Too frantic from the flurry of sudden activity, I had not registered the cold until then. I was soaking from the waist down. Tolya, who had remained dry during this adventure, started a fire on the bank as Shurik and I put on fresh clothing and began drying our soaked pants and boots. I examined our situation. As little as a few days ago, this had all likely been solid ice, but with the warmer days of early April contributing to ice melt, the river was no longer a viable route forward, at least not here. We had barely tested the naled: from what we could see, there was half a kilometer of it to go.

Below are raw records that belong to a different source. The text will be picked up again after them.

lemma shifted_SYT_last_entry_column:
  assumes "strict_partition lam" and T: "T \<in> shifted_SYT lam" and "lam \<noteq> []"
  shows "length lam \<le> snd (entry_cell lam T (sum_list lam))"
proof (rule ccontr)
  obtain i j where ij: "entry_cell lam T (sum_list lam) = (i, j)" by fastforce
  have "0 < lam ! 0" using strict_partition_nth_pos[OF assms(1)] assms(3) by simp
  then have "1 \<le> sum_list lam"
    using elem_le_sum_list[of 0 lam] assms(3) by simp
  then have mem: "(i, j) \<in> shifted_diagram lam" and last: "T (i, j) = sum_list lam"
    using entry_cell[OF T, of "sum_list lam"] ij by auto
  assume "\<not> length lam \<le> snd (entry_cell lam T (sum_list lam))"
  then have right: "(i, j + 1) \<in> shifted_diagram lam"
    using shifted_diagram_right[OF assms(1) mem] ij by simp
  then have "T (i, j + 1) \<le> sum_list lam" using shifted_SYT_image[OF T] by force
  then show False using shifted_SYT_row_less[OF T mem right] last by simp
qed

definition swap_entries :: "nat \<Rightarrow> (nat \<times> nat \<Rightarrow> nat) \<Rightarrow> nat \<times> nat \<Rightarrow> nat" where
  "swap_entries k T = Transposition.transpose k (Suc k) \<circ> T"

definition adjacent_entries :: "nat list \<Rightarrow> (nat \<times> nat \<Rightarrow> nat) \<Rightarrow> nat \<Rightarrow> bool" where
  "adjacent_entries lam T k \<longleftrightarrow>
     (\<exists>i j. (i, j) \<in> shifted_diagram lam \<and> T (i, j) = k
       \<and> ((i, j + 1) \<in> shifted_diagram lam \<and> T (i, j + 1) = Suc k
          \<or> (i + 1, j) \<in> shifted_diagram lam \<and> T (i + 1, j) = Suc k))"

lemma swap_entries_swap_entries [simp]: "swap_entries k (swap_entries k T) = T"
  by (simp add: swap_entries_def fun_eq_iff)

lemma transpose_Suc_less:
  assumes "a < b" and "\<not> (a = k \<and> b = Suc k)"
  shows "Transposition.transpose k (Suc k) a < Transposition.transpose k (Suc k) b"
  using assms by (auto simp: transpose_def)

Shurik scouted downriver, following the riverbank, and returned to say the naled eventually disappeared. The only realistic course of action was to cut a trail through the forest and bypass it altogether. The forest was fairly open here, consisting mostly of willow, so we had cause for optimism. As our boots dried Shurik unpacked the chain saw, then he and I went ahead to clear a trail while Sergey and Tolya followed on the snowmobiles. We moved slowly, cutting trees where necessary, and made it back to the solid river ice downstream.
Some fifteen kilometers after we returned to the ice, the Samarga transitioned from one side of the valley to the other, and we followed it briefly east past branching tributaries before reaching a cliff base, which forced the river to curve south again. Past the bend, in a clearing opposite a towering slope of the Sikhote-Alin, I could see two wooden structures high on the Samarga’s west bank. This must be Vosnesenovka.